Stored data -
******************************

lemma
  assumes "square_integrable M u" "square_integrable M v"
  shows square_integrable_add: "square_integrable M (\<lambda>x. u x + v x)"
    and L2_seminorm_add_le: "L2_seminorm M (\<lambda>x. u x + v x) \<le> L2_seminorm M u + L2_seminorm M v"
proof -
  have [measurable]: "u \<in> borel_measurable M" "v \<in> borel_measurable M"
    and iu: "integrable M (\<lambda>x. (cmod (u x))\<^sup>2)" and iv: "integrable M (\<lambda>x. (cmod (v x))\<^sup>2)"
    using assms by (auto simp: square_integrable_def)
  note cs = Cauchy_Schwarz_integral_nonneg[of "\<lambda>x. cmod (u x)" M "\<lambda>x. cmod (v x)", OF _ _ iu iv]
  have expand: "(cmod (u x) + cmod (v x))\<^sup>2
      = (cmod (u x))\<^sup>2 + (cmod (v x))\<^sup>2 + 2 * (cmod (u x) * cmod (v x))" for x
    by (simp add: power2_sum)
  have isum: "integrable M (\<lambda>x. (cmod (u x) + cmod (v x))\<^sup>2)"
    unfolding expand using iu iv cs(1) by simp
  have pointwise: "(cmod (u x + v x))\<^sup>2 \<le> (cmod (u x) + cmod (v x))\<^sup>2" for x
    by (simp add: norm_triangle_ineq power_mono)
  have iw: "integrable M (\<lambda>x. (cmod (u x + v x))\<^sup>2)"
    by (rule Bochner_Integration.integrable_bound[OF isum]) (use pointwise in auto)
  then show "square_integrable M (\<lambda>x. u x + v x)" by (simp add: square_integrable_def)
  have "(LINT x|M. (cmod (u x + v x))\<^sup>2) \<le> (LINT x|M. (cmod (u x) + cmod (v x))\<^sup>2)"
    by (rule integral_mono[OF iw isum pointwise])
  also have "\<dots> = (LINT x|M. (cmod (u x))\<^sup>2) + (LINT x|M. (cmod (v x))\<^sup>2)
      + 2 * (LINT x|M. cmod (u x) * cmod (v x))"
    unfolding expand using iu iv cs(1) by simp
  also have "\<dots> \<le> (L2_seminorm M u)\<^sup>2 + (L2_seminorm M v)\<^sup>2 + 2 * (L2_seminorm M u * L2_seminorm M v)"
    using cs(2) by (simp add: L2_seminorm_def)
  also have "\<dots> = (L2_seminorm M u + L2_seminorm M v)\<^sup>2" by (simp add: power2_sum)
  finally have "sqrt (LINT x|M. (cmod (u x + v x))\<^sup>2) \<le> sqrt ((L2_seminorm M u + L2_seminorm M v)\<^sup>2)"
    by (rule real_sqrt_le_mono)
  then show "L2_seminorm M (\<lambda>x. u x + v x) \<le> L2_seminorm M u + L2_seminorm M v"
    by (simp add: L2_seminorm_def[of M "\<lambda>x. u x + v x"] L2_seminorm_nonneg)
qed

lemma
  assumes "finite S" "\<And>i. i \<in> S \<Longrightarrow> square_integrable M (u i)"
  shows square_integrable_sum: "square_integrable M (\<lambda>x. \<Sum>i\<in>S. u i x)"
    and L2_seminorm_sum_le: "L2_seminorm M (\<lambda>x. \<Sum>i\<in>S. u i x) \<le> (\<Sum>i\<in>S. L2_seminorm M (u i))"
proof -
  have "square_integrable M (\<lambda>x. \<Sum>i\<in>S. u i x)
    \<and> L2_seminorm M (\<lambda>x. \<Sum>i\<in>S. u i x) \<le> (\<Sum>i\<in>S. L2_seminorm M (u i))"
    using assms
  proof (induction S rule: finite_induct)
    case empty
    then show ?case by (simp add: square_integrable_def L2_seminorm_def)
  next
    case (insert a S)
    then have IH: "square_integrable M (\<lambda>x. \<Sum>i\<in>S. u i x)"
        "L2_seminorm M (\<lambda>x. \<Sum>i\<in>S. u i x) \<le> (\<Sum>i\<in>S. L2_seminorm M (u i))"
      and ua: "square_integrable M (u a)" by auto
    show ?case
      using square_integrable_add[OF ua IH(1)] L2_seminorm_add_le[OF ua IH(1)] IH(2) insert.hyps
      by simp
  qed
  then show "square_integrable M (\<lambda>x. \<Sum>i\<in>S. u i x)"
    and "L2_seminorm M (\<lambda>x. \<Sum>i\<in>S. u i x) \<le> (\<Sum>i\<in>S. L2_seminorm M (u i))"
    by simp_all
qed

lemma
  assumes "finite S" "\<And>n. n \<in> S \<Longrightarrow> square_integrable M (\<Psi> n)"
  shows square_integrable_lincomb: "square_integrable M (\<lambda>x. \<Sum>n\<in>S. a n * \<Psi> n x)"
    and L2_seminorm_lincomb_le:
      "L2_seminorm M (\<lambda>x. \<Sum>n\<in>S. a n * \<Psi> n x) \<le> (\<Sum>n\<in>S. cmod (a n) * L2_seminorm M (\<Psi> n))"
  using square_integrable_sum[of S M "\<lambda>n x. a n * \<Psi> n x"]
    L2_seminorm_sum_le[of S M "\<lambda>n x. a n * \<Psi> n x"] assms
  by (auto simp: square_integrable_scale L2_seminorm_scale)

lemma integrable_count_space_if_summable_on:
  fixes h :: "'a \<Rightarrow> real"
  assumes "h summable_on A"
  shows "integrable (count_space A) h"
proof -
  have "(\<lambda>x. norm (h x)) summable_on A" using assms summable_on_iff_abs_summable_on_real by blast
  then have "Infinite_Set_Sum.abs_summable_on h A" using abs_summable_equivalent by blast
  then show ?thesis by (simp add: Infinite_Set_Sum.abs_summable_on_def)
qed

lemma infsum_eq_integral_count_space:
  fixes h :: "'a \<Rightarrow> real"
  assumes "integrable (count_space A) h"
  shows "infsum h A = (LINT x|count_space A. h x)"
proof -
  have "Infinite_Set_Sum.abs_summable_on h A" using assms by (simp add: Infinite_Set_Sum.abs_summable_on_def)
  then have "infsetsum h A = infsum h A" by (rule infsetsum_infsum)
  then show ?thesis by (simp add: infsetsum_def)
qed

section \<open>Riesz sequences and concentration functionals\<close>

lemma riesz_basis_consts_subset:
  assumes rb: "riesz_basis_consts \<phi> I d1 d2" and fin: "finite I" and S: "S \<subseteq> I"
  shows "riesz_basis_consts \<phi> S d1 d2"
  unfolding riesz_basis_consts_def
proof (intro conjI allI)
  show "0 < d1" "d1 \<le> d2" using rb by (auto simp: riesz_basis_consts_def)
next
  fix a :: "nat \<Rightarrow> complex"
  define b where "b n = (if n \<in> S then a n else 0)" for n
  have restrict: "(\<Sum>n\<in>I. if n \<in> S then g n else 0) = (\<Sum>n\<in>S. g n)" for g :: "nat \<Rightarrow> 'c::comm_monoid_add"
    using sum.inter_restrict[OF fin, of g S] S by (simp add: Int_absorb1)
  have "(\<lambda>x. \<Sum>n\<in>I. b n * \<phi> n x) = (\<lambda>x. \<Sum>n\<in>S. a n * \<phi> n x)"
  proof
    fix x
    have "(\<Sum>n\<in>I. b n * \<phi> n x) = (\<Sum>n\<in>I. if n \<in> S then a n * \<phi> n x else 0)"
      by (rule sum.cong) (simp_all add: b_def)
    then show "(\<Sum>n\<in>I. b n * \<phi> n x) = (\<Sum>n\<in>S. a n * \<phi> n x)" using restrict by simp
  qed
  moreover have "(\<Sum>n\<in>I. (cmod (b n))\<^sup>2) = (\<Sum>n\<in>I. if n \<in> S then (cmod (a n))\<^sup>2 else 0)"
    by (rule sum.cong) (simp_all add: b_def)
  moreover note rb[unfolded riesz_basis_consts_def, THEN conjunct2, THEN conjunct2, rule_format, of b]
  ultimately show "d1 * (\<Sum>n\<in>S. (cmod (a n))\<^sup>2) \<le> (L2norm (\<lambda>x. \<Sum>n\<in>S. a n * \<phi> n x))\<^sup>2"
    and "(L2norm (\<lambda>x. \<Sum>n\<in>S. a n * \<phi> n x))\<^sup>2 \<le> d2 * (\<Sum>n\<in>S. (cmod (a n))\<^sup>2)"
    by (simp_all add: restrict)
qed

lemma riesz_basis_consts_coeffs_le:
  assumes "riesz_basis_consts \<phi> S d1 d2" "L2norm (\<lambda>x. \<Sum>n\<in>S. a n * \<phi> n x) = 1"
  shows "(\<Sum>n\<in>S. (cmod (a n))\<^sup>2) \<le> 1 / d1"
proof -
  have "d1 * (\<Sum>n\<in>S. (cmod (a n))\<^sup>2) \<le> (L2norm (\<lambda>x. \<Sum>n\<in>S. a n * \<phi> n x))\<^sup>2"
    and "0 < d1"
    using assms(1) unfolding riesz_basis_consts_def by blast+
  with assms(2) show ?thesis by (simp add: field_simps)
qed

lemma cSup_insert_0_upper:
  fixes Y :: "real set"
  assumes "bdd_above Y" "y \<in> Y"
  shows "y \<le> Sup (insert 0 Y)"
  using assms by (intro cSup_upper) auto

lemma cSup_insert_0_least:
  fixes Y :: "real set"
  assumes "0 \<le> B" "\<And>y. y \<in> Y \<Longrightarrow> y \<le> B"
  shows "Sup (insert 0 Y) \<le> B"
  using assms by (intro cSup_least) auto

lemma sqrt_Sup_insert_0_power2:
  fixes g :: "'a \<Rightarrow> real"
  assumes nonneg: "\<And>x. x \<in> X \<Longrightarrow> 0 \<le> g x" and bdd: "bdd_above (g ` X)"
  shows "sqrt (Sup (insert 0 ((\<lambda>x. (g x)\<^sup>2) ` X))) = Sup (insert 0 (g ` X))"
proof -
  define s where "s = Sup (insert 0 (g ` X))"
  have g_le_s: "g x \<le> s" if "x \<in> X" for x
    unfolding s_def using bdd that by (intro cSup_insert_0_upper) auto
  have s0: "0 \<le> s" unfolding s_def using bdd by (intro cSup_upper) auto
  have square_le: "(g x)\<^sup>2 \<le> s\<^sup>2" if "x \<in> X" for x
    using g_le_s[OF that] nonneg[OF that] by (simp add: power_mono)
  have bdd2: "bdd_above ((\<lambda>x. (g x)\<^sup>2) ` X)"
    using square_le by (intro bdd_aboveI2)
  show ?thesis
  proof (rule antisym)
    have "Sup (insert 0 ((\<lambda>x. (g x)\<^sup>2) ` X)) \<le> s\<^sup>2"
      using square_le by (intro cSup_insert_0_least) auto
    then show "sqrt (Sup (insert 0 ((\<lambda>x. (g x)\<^sup>2) ` X))) \<le> Sup (insert 0 (g ` X))"
      unfolding s_def[symmetric] by (rule real_le_lsqrt[OF s0])
  next
    have "g x \<le> sqrt (Sup (insert 0 ((\<lambda>x. (g x)\<^sup>2) ` X)))" if "x \<in> X" for x
      using cSup_insert_0_upper[OF bdd2 imageI[OF that]] nonneg[OF that] real_le_rsqrt by blast
    moreover have "0 \<le> Sup (insert 0 ((\<lambda>x. (g x)\<^sup>2) ` X))"
      using bdd2 by (intro cSup_upper) auto
    ultimately show "Sup (insert 0 (g ` X)) \<le> sqrt (Sup (insert 0 ((\<lambda>x. (g x)\<^sup>2) ` X)))"
      by (intro cSup_insert_0_least) auto
  qed
qed

lemma sum_over_partition:
  assumes "finite I" "finite R" "disjoint_family_on P R" "(\<Union>i\<in>R. P i) = I"
  shows "(\<Sum>n\<in>I. h n) = (\<Sum>i\<in>R. \<Sum>n\<in>P i. h n)"
proof -
  have "\<forall>i\<in>R. finite (P i)" using assms(4) finite_subset[OF _ assms(1)] by auto
  then show ?thesis using sum.UNION_disjoint_family[OF assms(2) _ assms(3), of h] assms(4) by simp
qed

text \<open>\<open>V f\<close> is the \<open>L\<^sup>2(M)\<close>-norm of the image of \<open>f\<close> under the linear map sending \<open>\<phi> n\<close> to
  \<open>\<Psi> n\<close>; both concentration measures are of this form.\<close>
locale riesz_L2_functional =
  fixes \<phi> :: "nat \<Rightarrow> real \<Rightarrow> complex" and I :: "nat set" and d1 d2 :: real
    and M :: "'b measure" and \<Psi> :: "nat \<Rightarrow> 'b \<Rightarrow> complex" and V :: "(real \<Rightarrow> complex) \<Rightarrow> real"
  assumes finite_I: "finite I" and riesz: "riesz_basis_consts \<phi> I d1 d2"
    and square_integrable_\<Psi>: "\<And>n. n \<in> I \<Longrightarrow> square_integrable M (\<Psi> n)"
    and V_lincomb: "\<And>S a. S \<subseteq> I \<Longrightarrow>
      V (\<lambda>x. \<Sum>n\<in>S. a n * \<phi> n x) = L2_seminorm M (\<lambda>w. \<Sum>n\<in>S. a n * \<Psi> n w)"
begin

******************************

Task to carry out - Please repeat the lines above exactly, beginning with the line that contains "using bdd2 by (intro cSup_upper) auto" and ending with the final one.

Exercise response -
      using bdd2 by (intro cSup_upper) auto
    ultimately show "Sup (insert 0 (g ` X)) \<le> sqrt (Sup (insert 0 ((\<lambda>x. (g x)\<^sup>2) ` X)))"
      by (intro cSup_insert_0_least) auto
  qed
qed

lemma sum_over_partition:
  assumes "finite I" "finite R" "disjoint_family_on P R" "(\<Union>i\<in>R. P i) = I"
  shows "(\<Sum>n\<in>I. h n) = (\<Sum>i\<in>R. \<Sum>n\<in>P i. h n)"
proof -
  have "\<forall>i\<in>R. finite (P i)" using assms(4) finite_subset[OF _ assms(1)] by auto
  then show ?thesis using sum.UNION_disjoint_family[OF assms(2) _ assms(3), of h] assms(4) by simp
qed

text \<open>\<open>V f\<close> is the \<open>L\<^sup>2(M)\<close>-norm of the image of \<open>f\<close> under the linear map sending \<open>\<phi> n\<close> to
  \<open>\<Psi> n\<close>; both concentration measures are of this form.\<close>
locale riesz_L2_functional =
  fixes \<phi> :: "nat \<Rightarrow> real \<Rightarrow> complex" and I :: "nat set" and d1 d2 :: real
    and M :: "'b measure" and \<Psi> :: "nat \<Rightarrow> 'b \<Rightarrow> complex" and V :: "(real \<Rightarrow> complex) \<Rightarrow> real"
  assumes finite_I: "finite I" and riesz: "riesz_basis_consts \<phi> I d1 d2"
    and square_integrable_\<Psi>: "\<And>n. n \<in> I \<Longrightarrow> square_integrable M (\<Psi> n)"
    and V_lincomb: "\<And>S a. S \<subseteq> I \<Longrightarrow>
      V (\<lambda>x. \<Sum>n\<in>S. a n * \<phi> n x) = L2_seminorm M (\<lambda>w. \<Sum>n\<in>S. a n * \<Psi> n w)"
begin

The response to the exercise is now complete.